Implications for CPED
• Its hard work, moving target, many political issues.
• Needs and helps build communities of practice, you can’t do it by yourself. Intellectual community doesn’t get built by itself.
• Not “a project” but ongoing, iterative routines. It wrongly frames this work as terminal, a periodic episode.
• A tools agenda. – Don’t think about findings in the traditional sense, think about things others can use from your product and what you build along the way.
• New genres, forms, formats for sharing.
• Our collective contexts for discussing this are all very different.
• There are many interesting pilots out there. Does anything they are doing fit into our needs?

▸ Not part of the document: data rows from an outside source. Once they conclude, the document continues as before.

(* Let $v$ be a radial mapping and let $u$ be a Borel function on $D$ having radial limits $\tilde u$ $\mu$-a.e. with respect to $v$, where $\tilde u$ is a real $\mu$-measurable function on $K_0$. Then $u$ has boundary values equal to $\tilde u$.
   Context: Standing setting: $D$ is a bounded domain in $\mathbb R^n$ exhausted by domains $D_r$, $r<0$, with $D_r\Subset D_s$ for $r<s<0$ and $\bigcup_{r<0}D_r=D$; $S_r=\partial D_r$. For each $r<0$, $\mu_r$ is a finite positive regular Borel measure supported on $S_r$, and $\mu_r\to\mu$ weak-* in $C(\overline D)^*$ as $r\to0^-$, where $\mu$ is a finite positive measure supported on $\partial D$; $K_0=\operatorname{supp}\mu$. For a sequence $r_j\nearrow0$ and functions $\phi_j$ on $\operatorname{supp}\mu_{r_j}$, $\{\phi_j\}$ has strong limit values $\phi^*$ (a real $\mu$-measurable function on $K_0$) if for all real $a<b$ and $\varepsilon,\delta>0$ there are $j_0$ and an open set $O\subset\overline D$ containing $\{x\in K_0:a\le\phi^*(x)<b\}$ with $\mu_{r_j}(\{\phi_j<a-\varepsilon\}\cap O)+\mu_{r_j}(\{\phi_j>b+\varepsilon\}\cap O)<\delta$ for $j\ge j_0$. A function $u$ on $D$ has boundary values $u^*$ if for every sequence $r_j\nearrow0$ the sequence $\{u|_{\operatorname{supp}\mu_{r_j}}\}$ has strong limit values with respect to $\{\mu_{r_j}\}$, equal to $u^*$ ($\mu$-a.e.) independently of the sequence. A continuous map $v:K_0\times[0,\varepsilon_0)\to\mathbb R^n$ ($\varepsilon_0>0$) is radial if: (i) $v(\zeta,0)=\zeta$; (ii) there is $r_0<0$ such that for every $\zeta\in K_0$ and every $r\in(r_0,0)$ the set $\{t:v(\zeta,t)\in S_r\}$ is nonempty, and the functions $t_r(\zeta)=\inf\{t:v(\zeta,t)\in S_r\}$ are continuous on $K_0$ and converge uniformly to $0$ as $r\to0^-$; (iii) there is $c>0$ such that for every Borel $E\subset K_0$, with $E_r=\{v(\zeta,t_r(\zeta)):\zeta\in E\}$, $\limsup_{r\to0^-}\mu_r(E_r)\le c\mu(E)$; (iv) with $A_r=\{v(\zeta,t_r(\zeta)):\zeta\in K_0\}$, $\limsup_{r\to0^-}\mu_r(S_r\setminus A_r)=0$. A function $u$ on $D$ has radial limits $\tilde u$ $\mu$-a.e. with respect to $v$ if $\lim_{t\to0^+}u(v(\zeta,t))$ exists and equals $\tilde u(\zeta)$ for $\mu$-a.e. $\zeta\in K_0$. *)

theory Defs
  imports "HOL-Analysis.Analysis"
begin

definition measure_support :: "'a::topological_space measure \<Rightarrow> 'a set" where
  "measure_support M = {x. \<forall>U. open U \<and> x \<in> U \<longrightarrow> emeasure M U > 0}"

definition standing_setting ::
  "'a::euclidean_space set \<Rightarrow> (real \<Rightarrow> 'a set) \<Rightarrow> (real \<Rightarrow> 'a measure) \<Rightarrow> 'a measure \<Rightarrow> bool" where
  "standing_setting D Dr mu mu0 \<longleftrightarrow>
     open D \<and> connected D \<and> D \<noteq> {} \<and> bounded D \<and>
     (\<forall>r<0. open (Dr r) \<and> connected (Dr r) \<and> Dr r \<noteq> {}) \<and>
     (\<forall>r s. r < s \<and> s < 0 \<longrightarrow> compact (closure (Dr r)) \<and> closure (Dr r) \<subseteq> Dr s) \<and>
     (\<Union>r\<in>{..<0}. Dr r) = D \<and>
     (\<forall>r<0. sets (mu r) = sets borel \<and> finite_measure (mu r) \<and>
            measure_support (mu r) \<subseteq> frontier (Dr r)) \<and>
     sets mu0 = sets borel \<and> finite_measure mu0 \<and> measure_support mu0 \<subseteq> frontier D \<and>
     (\<forall>f::'a \<Rightarrow> real. continuous_on (closure D) f \<longrightarrow>
        ((\<lambda>r. (\<integral>x\<in>closure D. f x \<partial>mu r)) \<longlongrightarrow> (\<integral>x\<in>closure D. f x \<partial>mu0)) (at_left 0))"

definition has_strong_limit_values ::
  "'a::euclidean_space set \<Rightarrow> (real \<Rightarrow> 'a measure) \<Rightarrow> 'a measure \<Rightarrow> (nat \<Rightarrow> real)
   \<Rightarrow> (nat \<Rightarrow> 'a \<Rightarrow> real) \<Rightarrow> ('a \<Rightarrow> real) \<Rightarrow> bool" where
  "has_strong_limit_values D mu mu0 rj phi phis \<longleftrightarrow>
     phis \<in> borel_measurable (completion mu0) \<and>
     (\<forall>a b \<epsilon> \<delta>. a < b \<and> \<epsilon> > 0 \<and> \<delta> > 0 \<longrightarrow>
        (\<exists>j0 W. openin (top_of_set (closure D)) W \<and>
           {x \<in> measure_support mu0. a \<le> phis x \<and> phis x < b} \<subseteq> W \<and>
           (\<forall>j\<ge>j0.
              outer_measure_of (mu (rj j))
                  ({x \<in> measure_support (mu (rj j)). phi j x < a - \<epsilon>} \<inter> W)
            + outer_measure_of (mu (rj j))
                  ({x \<in> measure_support (mu (rj j)). phi j x > b + \<epsilon>} \<inter> W)
            < ennreal \<delta>)))"

definition has_boundary_values ::
  "'a::euclidean_space set \<Rightarrow> (real \<Rightarrow> 'a measure) \<Rightarrow> 'a measure \<Rightarrow> ('a \<Rightarrow> real) \<Rightarrow> ('a \<Rightarrow> real) \<Rightarrow> bool" where
  "has_boundary_values D mu mu0 u ustar \<longleftrightarrow>
     (\<forall>rj::nat \<Rightarrow> real. incseq rj \<and> (\<forall>j. rj j < 0) \<and> rj \<longlonglongrightarrow> 0 \<longrightarrow>
        (\<exists>phis. has_strong_limit_values D mu mu0 rj (\<lambda>j. u) phis \<and>
                (AE x in mu0. phis x = ustar x)))"

definition hit_time :: "(real \<Rightarrow> 'a::euclidean_space set) \<Rightarrow> ('a \<Rightarrow> real \<Rightarrow> 'a) \<Rightarrow> real \<Rightarrow> real \<Rightarrow> 'a \<Rightarrow> real" where
  "hit_time Dr v eps0 r \<zeta> = Inf {t \<in> {0..<eps0}. v \<zeta> t \<in> frontier (Dr r)}"

definition radial_map ::
  "(real \<Rightarrow> 'a::euclidean_space set) \<Rightarrow> (real \<Rightarrow> 'a measure) \<Rightarrow> 'a measure
   \<Rightarrow> ('a \<Rightarrow> real \<Rightarrow> 'a) \<Rightarrow> real \<Rightarrow> bool" where
  "radial_map Dr mu mu0 v eps0 \<longleftrightarrow>
     (let K0 = measure_support mu0; t = hit_time Dr v eps0 in
     eps0 > 0 \<and>
     continuous_on (K0 \<times> {0..<eps0}) (\<lambda>(\<zeta>, s). v \<zeta> s) \<and>
     (\<forall>\<zeta>\<in>K0. v \<zeta> 0 = \<zeta>) \<and>
     (\<exists>r0<0. (\<forall>\<zeta>\<in>K0. \<forall>r\<in>{r0<..<0}. {s \<in> {0..<eps0}. v \<zeta> s \<in> frontier (Dr r)} \<noteq> {}) \<and>
             (\<forall>r\<in>{r0<..<0}. continuous_on K0 (t r)) \<and>
             uniform_limit K0 t (\<lambda>_. 0) (at_left 0)) \<and>
     (\<exists>c>0. \<forall>E\<in>sets borel. E \<subseteq> K0 \<longrightarrow>
        Limsup (at_left 0) (\<lambda>r. outer_measure_of (mu r) ((\<lambda>\<zeta>. v \<zeta> (t r \<zeta>)) ` E))
          \<le> ennreal c * emeasure mu0 E) \<and>
     Limsup (at_left 0) (\<lambda>r. outer_measure_of (mu r)
          (frontier (Dr r) - (\<lambda>\<zeta>. v \<zeta> (t r \<zeta>)) ` K0)) = 0)"

definition has_radial_limits ::
  "'a::euclidean_space measure \<Rightarrow> ('a \<Rightarrow> real \<Rightarrow> 'a) \<Rightarrow> ('a \<Rightarrow> real) \<Rightarrow> ('a \<Rightarrow> real) \<Rightarrow> bool" where
  "has_radial_limits mu0 v u ut \<longleftrightarrow>
     (AE \<zeta> in mu0. \<zeta> \<in> measure_support mu0 \<longrightarrow> ((\<lambda>t. u (v \<zeta> t)) \<longlongrightarrow> ut \<zeta>) (at_right 0))"

end

theory Submission
  imports Defs
begin

(* Let P r zeta be the point where the radial curve from zeta in K0 = supp mu0 first hits
   S r.  For a sequence of levels r j increasing to 0 we transport K0 onto S (r j) by
   P (r j).  By the radial limit hypothesis u (P (r j) zeta) tends to ut zeta for a.e.
   zeta, so by continuity from above the points where this convergence is slow after
   time J have small mu0-measure.  The points where ut is far from a given interval
   [a, b] are, by inner regularity, a compact set C up to small measure.  Since P (r j)
   tends uniformly to the identity, the closure of the late transports of C stays away
   from the level set of ut in [a, b]; its complement W is the required neighbourhood.
   On W, points of S (r j) where u is far from [a, b] are transports of the two small
   exceptional sets or are missed by the transport, and conditions (iii) and (iv) of a
   radial map make all three pieces small. *)

(* The support of a measure is closed: its complement is a union of null open sets. *)
lemma closed_measure_support: "closed (measure_support M)"
proof -
  have "open (- measure_support M)"
  proof (subst open_subopen, intro ballI)
    fix x assume "x \<in> - measure_support M"
    then obtain U where U: "open U" "x \<in> U" "\<not> emeasure M U > 0"
      unfolding measure_support_def by auto
    then have "U \<subseteq> - measure_support M" unfolding measure_support_def by auto
    with U show "\<exists>T. open T \<and> x \<in> T \<and> T \<subseteq> - measure_support M" by blast
  qed
  then show ?thesis by (simp add: closed_def)
qed

(* Outer measure is subadditive (via measurable hulls of both sets). *)
lemma outer_measure_of_Un:
  assumes "A \<subseteq> space M" "B \<subseteq> space M"
  shows "outer_measure_of M (A \<union> B) \<le> outer_measure_of M A + outer_measure_of M B"
proof -
  obtain EA where EA: "EA \<in> sets M" "A \<subseteq> EA" "outer_measure_of M A = emeasure M EA"
    using outer_measure_of_attain[OF assms(1)] by blast
  obtain EB where EB: "EB \<in> sets M" "B \<subseteq> EB" "outer_measure_of M B = emeasure M EB"
    using outer_measure_of_attain[OF assms(2)] by blast
  have "outer_measure_of M (A \<union> B) \<le> outer_measure_of M (EA \<union> EB)"
    using EA EB by (intro outer_measure_of_mono) auto
  also have "\<dots> = emeasure M (EA \<union> EB)" using EA EB by simp
  also have "\<dots> \<le> emeasure M EA + emeasure M EB" using EA EB by (intro emeasure_subadditive)
  finally show ?thesis using EA EB by simp
qed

• There is much practical advice for structuring the planning and reform from previous projects, specifically the Carnegie project on the Ph. D
Dr. Lee Shulman –,Comments on the first day discussion
Part of my discomfort yesterday, was that we were spending much too much time talking about the nuts and bolts and not talking about the big ideas. “What counts as knowledge in your fields?” If you want to grow a new set of stewards of the discipline, what do they need to know and be able to do? If you didn’t already have all of the traditions you have about educating people what would it look like.
Cautions/ Questions/ Notes
o Do you have a consistent written list of program objectives?
o Do you have department objectives that are not just course or professor objectives?
o Programs can easily become too departmentalized. Need some system-wide goals and objectives.
o Need to clarify distinction between Ed. D. and Ph. D.
o Who benefits from making this change?
o Who is the audience?
o Is the degree serving the purpose that it was put in place for?
o Is it serving the practical audience?
o Committee representative of all stakeholders – incl students and customers (districts hiring grads)
o How do learning communities, distance education, cohorts, and online courses fit into this program?
o Interested in practical problems that have application to local area school.
o Concern about professional practice students being seen as episodic, less serious, must be full time to demonstrate commitment to program or to take away serious learning/development.
o Need to consider how to foster virtual learning communities that last more than a semester and build on difference, experience, practice based problems, and reflection in action (an online cohort possibly).
Outcomes were recorded by Monica Lamar, Duquesne University Graduate Student.